Но вот как раз в тот момент, когда я собирался встать, искуситель толкнул меня под руку, чтобы ущипнуть девушку прямо за одну из тех удивительных округлостей, объем которых приводил меня в такое недоумение, и я не смог устоять перед этим искушением, и вот я ущипнул девушку прямо за середину этой округлости. И — прочь от нас, нечистый! — боль, которую почувствовала молодая девушка, была так сильна, что на этот раз она проснулась, и соскочила со своего ложа, и издала крик ужаса, и начала громко звать мать свою.
На этом месте своего рассказа Шахерезада заметила, что наступает утро, и скромно умолкла.
А когда наступила
она продолжила:
Прочь от нас, нечистый! Боль, которую почувствовала молодая девушка, была так сильна, что на этот раз она проснулась, и соскочила со своего ложа, и издала крик ужаса, и начала громко звать мать свою. И мать, услышав тревожные призывы своей дочери и крики ужаса, прибежала, надевая на ходу свои одежды; а за нею следовали старая кормилица молодой девушки и евнухи.
И молодая девушка продолжала кричать, приложив руку к тому месту, за которое ее ущипнули:
— Прибегаю к Аллаху от шайтана, побитого камнями!
И в то же время мать ее и кормилица спрашивали ее:
— Что с тобою? Что с тобою? И почему ты держишься за это достопочтенное место? Что там такое? Покажи нам это место!
И кормилица повернулась к евнухам и, косо глядя на них, закричала им:
— Ступайте отсюда!
И евнухи удалились, втихомолку проклиная зловещую старуху.
И я оставался невидим благодаря порошку моего покойного учителя — да помилует его Аллах!
И вот когда мать и кормилица в одно и тоже время тормошили ее настойчивыми своими расспросами и вытягивали свои шеи, чтобы получше рассмотреть, что здесь могло быть, молодая девушка, покраснев от боли, могла только произнести:
— Это тут! Это тут! Меня ущипнули! Меня ущипнули!
И обе женщины начали присматриваться и увидели красный след, уже распухший, от моего большого и указательного пальцев. И они попятились, крайне испуганные и смущенные, и закричали:
— О, проклятье! Кто это сделал? Кто это сделал?
И молодая девушка принялась плакать, говоря:
— Я не знаю! Я не знаю! — И она прибавила: — Меня ущипнули как раз в то время, когда мне снилось, что я ем большой огурец!
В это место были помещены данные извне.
(* Let $q>1$, $0\le M_0<M$, let $u$ be a sufficiently smooth $L$-periodic solution of $u_t=-\alpha uu_x+\beta u_{xxx}$ on $[0,T]\times\mathbb{R}$, $r>\sup_{t,x}|u(t,x)|$. Assume $u^{(0)}_k=u(0,k\Delta x)$, that $u^{(0)},\dots,u^{(M_0+1)}$ are obtained successively as solutions of the scheme, that $\|u^{(m)}\|_\infty\le r$ for $m\le M_0$, that $\Delta t<\min\{\varepsilon_1(q,r,\Delta x),\varepsilon_2(q,r,\Delta x)\}$, and that $\|u^{(M_0+1)}\|_\infty\le qr$. Let $c_0>0$ be a constant independent of $\Delta t,\Delta x$ with $\|\tau^{(m)}\|,\|\delta^+_x\tau^{(m)}\|\le c_0((\Delta t)^2+(\Delta x)^2)$ for $m=0,\dots,M_0$. Then for $m=0,\dots,M_0$, $$\delta^+_t\|e^{(m)}\|^2\le C_1\,\mu^+_t\|e^{(m)}\|_{H^1}^2 + c_0^2\big((\Delta t)^2+(\Delta x)^2\big)^2,$$ where $C_1=C_1(q,r)=\max\{3|\alpha|(2q^2+1)r^2+1,\ |\alpha|/2\}$.
   Context: $L>0$, $K\in\mathbb{N}$, $\Delta x=L/K$; $T>0$, $M\in\mathbb{N}$, $\Delta t=T/M$; $\alpha\in\mathbb{R}$, $\beta\ne0$. Grid functions are $K$-periodic real sequences. $\delta^+_x v_k=(v_{k+1}-v_k)/\Delta x$, $\delta^{\langle 1\rangle}_x v_k = (v_{k+1}-v_{k-1})/(2\Delta x)$, $\delta^{\langle 2\rangle}_x v_k = (v_{k+1}-2v_k+v_{k-1})/(\Delta x)^2$, $\|v\|=(\sum_{k=1}^K v_k^2\Delta x)^{1/2}$, $\|v\|_\infty=\max_k|v_k|$, $\|v\|_{H^1}=(\|v\|^2+\|\delta^+_xv\|^2)^{1/2}$; $\delta^+_t v^{(n)}=(v^{(n+1)}-v^{(n)})/\Delta t$, $\mu^+_t v^{(n)}=(v^{(n+1)}+v^{(n)})/2$ (so e.g. $\mu^+_t\|e^{(m)}\|^2=(\|e^{(m+1)}\|^2+\|e^{(m)}\|^2)/2$). The scheme: $u^{(n+1)}$ solves it at step $n$ if $\delta^+_t u^{(n)}_k = -\frac{\alpha}{6}\delta^{\langle 1\rangle}_x\{(u^{(n+1)}_k)^2 + u^{(n+1)}_k u^{(n)}_k + (u^{(n)}_k)^2\} + \beta\delta^{\langle 1\rangle}_x\delta^{\langle 2\rangle}_x \mu^+_t u^{(n)}_k$ for all $k$. $\varepsilon_1(q,r,\Delta x) = (q-1)(\Delta x)^3[\frac{|\alpha|}{6}(\Delta x)^2(q^2+q+1)r + \frac{3}{2}|\beta|(q+1)]^{-1}$, $\varepsilon_2(q,r,\Delta x) = (\Delta x)^3[\frac{|\alpha|}{6}(\Delta x)^2(2q+1)r + \frac{3}{2}|\beta|]^{-1}$. $\tilde u^{(m)}_k=u(m\Delta t,k\Delta x)$, $e^{(m)}=u^{(m)}-\tilde u^{(m)}$, and the local truncation error $\tau^{(m)}$ is defined by $\delta^+_t \tilde u^{(m)}_k = -\frac{\alpha}{6}\delta^{\langle 1\rangle}_x\{(\tilde u^{(m+1)}_k)^2 + \tilde u^{(m+1)}_k \tilde u^{(m)}_k + (\tilde u^{(m)}_k)^2\} + \beta\delta^{\langle 1\rangle}_x\delta^{\langle 2\rangle}_x \mu^+_t \tilde u^{(m)}_k+\tau^{(m)}_k$. *)

theory Defs
  imports Complex_Main
begin

definition periodic_grid :: "nat \<Rightarrow> (int \<Rightarrow> real) \<Rightarrow> bool" where
  "periodic_grid K v \<longleftrightarrow> (\<forall>k. v (k + int K) = v k)"

definition dxp :: "real \<Rightarrow> (int \<Rightarrow> real) \<Rightarrow> int \<Rightarrow> real" where
  "dxp h v k = (v (k + 1) - v k) / h"

definition dx1 :: "real \<Rightarrow> (int \<Rightarrow> real) \<Rightarrow> int \<Rightarrow> real" where
  "dx1 h v k = (v (k + 1) - v (k - 1)) / (2 * h)"

definition dx2 :: "real \<Rightarrow> (int \<Rightarrow> real) \<Rightarrow> int \<Rightarrow> real" where
  "dx2 h v k = (v (k + 1) - 2 * v k + v (k - 1)) / h ^ 2"

definition gnorm :: "nat \<Rightarrow> real \<Rightarrow> (int \<Rightarrow> real) \<Rightarrow> real" where
  "gnorm K h v = sqrt (\<Sum>k = 1..int K. (v k) ^ 2 * h)"

definition supnorm :: "nat \<Rightarrow> (int \<Rightarrow> real) \<Rightarrow> real" where
  "supnorm K v = Max ((\<lambda>k. \<bar>v k\<bar>) ` {1..int K})"

definition h1norm :: "nat \<Rightarrow> real \<Rightarrow> (int \<Rightarrow> real) \<Rightarrow> real" where
  "h1norm K h v = sqrt ((gnorm K h v) ^ 2 + (gnorm K h (dxp h v)) ^ 2)"

text \<open>Right-hand side of the scheme, with w = new step, v = old step.\<close>
definition scheme_rhs :: "real \<Rightarrow> real \<Rightarrow> real \<Rightarrow> (int \<Rightarrow> real) \<Rightarrow> (int \<Rightarrow> real) \<Rightarrow> int \<Rightarrow> real" where
  "scheme_rhs \<alpha> \<beta> h w v k =
     - (\<alpha> / 6) * dx1 h (\<lambda>j. (w j) ^ 2 + w j * v j + (v j) ^ 2) k
     + \<beta> * dx1 h (dx2 h (\<lambda>j. (w j + v j) / 2)) k"

definition solves_step :: "real \<Rightarrow> real \<Rightarrow> real \<Rightarrow> real \<Rightarrow> (int \<Rightarrow> real) \<Rightarrow> (int \<Rightarrow> real) \<Rightarrow> bool" where
  "solves_step \<alpha> \<beta> dt h v w \<longleftrightarrow> (\<forall>k. (w k - v k) / dt = scheme_rhs \<alpha> \<beta> h w v k)"

definition eps1 :: "real \<Rightarrow> real \<Rightarrow> real \<Rightarrow> real \<Rightarrow> real \<Rightarrow> real" where
  "eps1 \<alpha> \<beta> q r h = (q - 1) * h ^ 3 /
     (\<bar>\<alpha>\<bar> / 6 * h ^ 2 * (q ^ 2 + q + 1) * r + 3 / 2 * \<bar>\<beta>\<bar> * (q + 1))"

definition eps2 :: "real \<Rightarrow> real \<Rightarrow> real \<Rightarrow> real \<Rightarrow> real \<Rightarrow> real" where
  "eps2 \<alpha> \<beta> q r h = h ^ 3 /
     (\<bar>\<alpha>\<bar> / 6 * h ^ 2 * (2 * q + 1) * r + 3 / 2 * \<bar>\<beta>\<bar>)"

definition usamp :: "(real \<Rightarrow> real \<Rightarrow> real) \<Rightarrow> real \<Rightarrow> real \<Rightarrow> nat \<Rightarrow> int \<Rightarrow> real" where
  "usamp u dt h m k = u (real m * dt) (real_of_int k * h)"

definition trunc_err :: "real \<Rightarrow> real \<Rightarrow> (real \<Rightarrow> real \<Rightarrow> real) \<Rightarrow> real \<Rightarrow> real \<Rightarrow> nat \<Rightarrow> int \<Rightarrow> real" where
  "trunc_err \<alpha> \<beta> u dt h m k =
     (usamp u dt h (Suc m) k - usamp u dt h m k) / dt
     - scheme_rhs \<alpha> \<beta> h (usamp u dt h (Suc m)) (usamp u dt h m) k"

end

(* Energy method.  Subtracting the defining equation of the
   truncation error from the scheme gives an equation for the error e; multiply it by the time
   mean p = (e(m+1) + e(m)) / 2 and sum over a period.  The dispersive term drops out because
   the product of central second and first differences telescopes, and summation by parts moves
   the central difference of the nonlinear term onto p.  The nonlinear difference is
   (w^2 + w v + v^2) - (wt^2 + wt vt + vt^2) = (w - wt)(w + wt + v) + (v - vt)(wt + v + vt),
   whose factors are bounded by (q + 2) r and 3 r thanks to the sup-norm bounds; Young's inequality
   and the bound of the central difference by the forward difference give C1, and the truncation
   error contributes its squared norm. *)

theory Submission
  imports Defs
begin

lemma periodic_grid_shift: "periodic_grid K g \<Longrightarrow> periodic_grid K (\<lambda>k. g (k + j))"
  unfolding periodic_grid_def by (metis add.commute add.left_commute)

lemma periodic_grid_map: "periodic_grid K f \<Longrightarrow> periodic_grid K (\<lambda>k. F (f k))"
  unfolding periodic_grid_def by simp

lemma periodic_grid_map2:
  "periodic_grid K f \<Longrightarrow> periodic_grid K g \<Longrightarrow> periodic_grid K (\<lambda>k. F (f k) (g k))"
  unfolding periodic_grid_def by simp

lemma periodic_grid_dxp: "periodic_grid K f \<Longrightarrow> periodic_grid K (dxp h f)"
  using periodic_grid_shift[of K f 1] unfolding dxp_def periodic_grid_def by simp

lemma periodic_grid_dx2: "periodic_grid K f \<Longrightarrow> periodic_grid K (dx2 h f)"
  using periodic_grid_shift[of K f 1] periodic_grid_shift[of K f "-1"]
  unfolding dx2_def periodic_grid_def by simp

lemma periodic_grid_add_multiple:
  assumes "periodic_grid K v"
  shows "v (k + j * int K) = v k"
proof (induction j rule: int_induct[where k = 0])
  case (step1 i)
  then show ?case
    using assms unfolding periodic_grid_def by (metis add.assoc distrib_right mult_1)
next
  case (step2 i)
  then show ?case
    using assms unfolding periodic_grid_def by (metis diff_add_cancel left_diff_distrib' mult_1 add.assoc)
qed simp

lemma abs_le_supnorm:
  assumes "periodic_grid K v" "K > 0"
  shows "\<bar>v k\<bar> \<le> supnorm K v"
proof -
  define k' where "k' = (k - 1) mod int K + 1"
  have "0 \<le> (k - 1) mod int K" "(k - 1) mod int K < int K"
    using assms(2) by simp_all
  then have "k' \<in> {1..int K}"
    unfolding k'_def by simp
  moreover have "v k = v k'"
    using periodic_grid_add_multiple[OF assms(1), of k' "(k - 1) div int K"]
    unfolding k'_def by (simp add: algebra_simps)
  ultimately show ?thesis
    unfolding supnorm_def by (intro Max_ge) auto
qed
И обе женщины, услышав это, начали наклоняться и заглядывать за занавески и за драпировки и, не найдя ничего подозрительного, сказали молодой девушке:
— Уверена ли ты, что не ущипнула себя сама во время сна?
И она отвечала:
— Я скорее готова умереть, чем так больно щипать себя!
Тогда старая кормилица сказала:
— Нет прибежища и власти, кроме Аллаха Всевышнего и Всемогущего. Тот, кто ущипнул нашу дочь, есть неименуемый, один из числа неименуемых, населяющих воздух. И он, должно быть, вошел сюда через это открытое окно. И, увидав нашу дочь спящей и с обнаженным задом, не мог воздержаться от желания ущипнуть ее. Наверное, так оно и было. — И, сказав это, она побежала закрыть окно и двери и прибавила: — Прежде чем положить дочери нашей холодный компресс с уксусом, нам надо поспешить поохотиться за нечистым. И для этого нет более действенного средства, как зажечь в комнате верблюжий кизяк, ибо верблюжий кизяк невыносим для обоняния ифритов, маридов и других неименуемых. И я знаю слова, которые надо произносить при выкуривании их. — И тотчас же она закричала евнухам, столпившимся за дверью: — Ступайте принесите поскорее корзину верблюжьего кизяка!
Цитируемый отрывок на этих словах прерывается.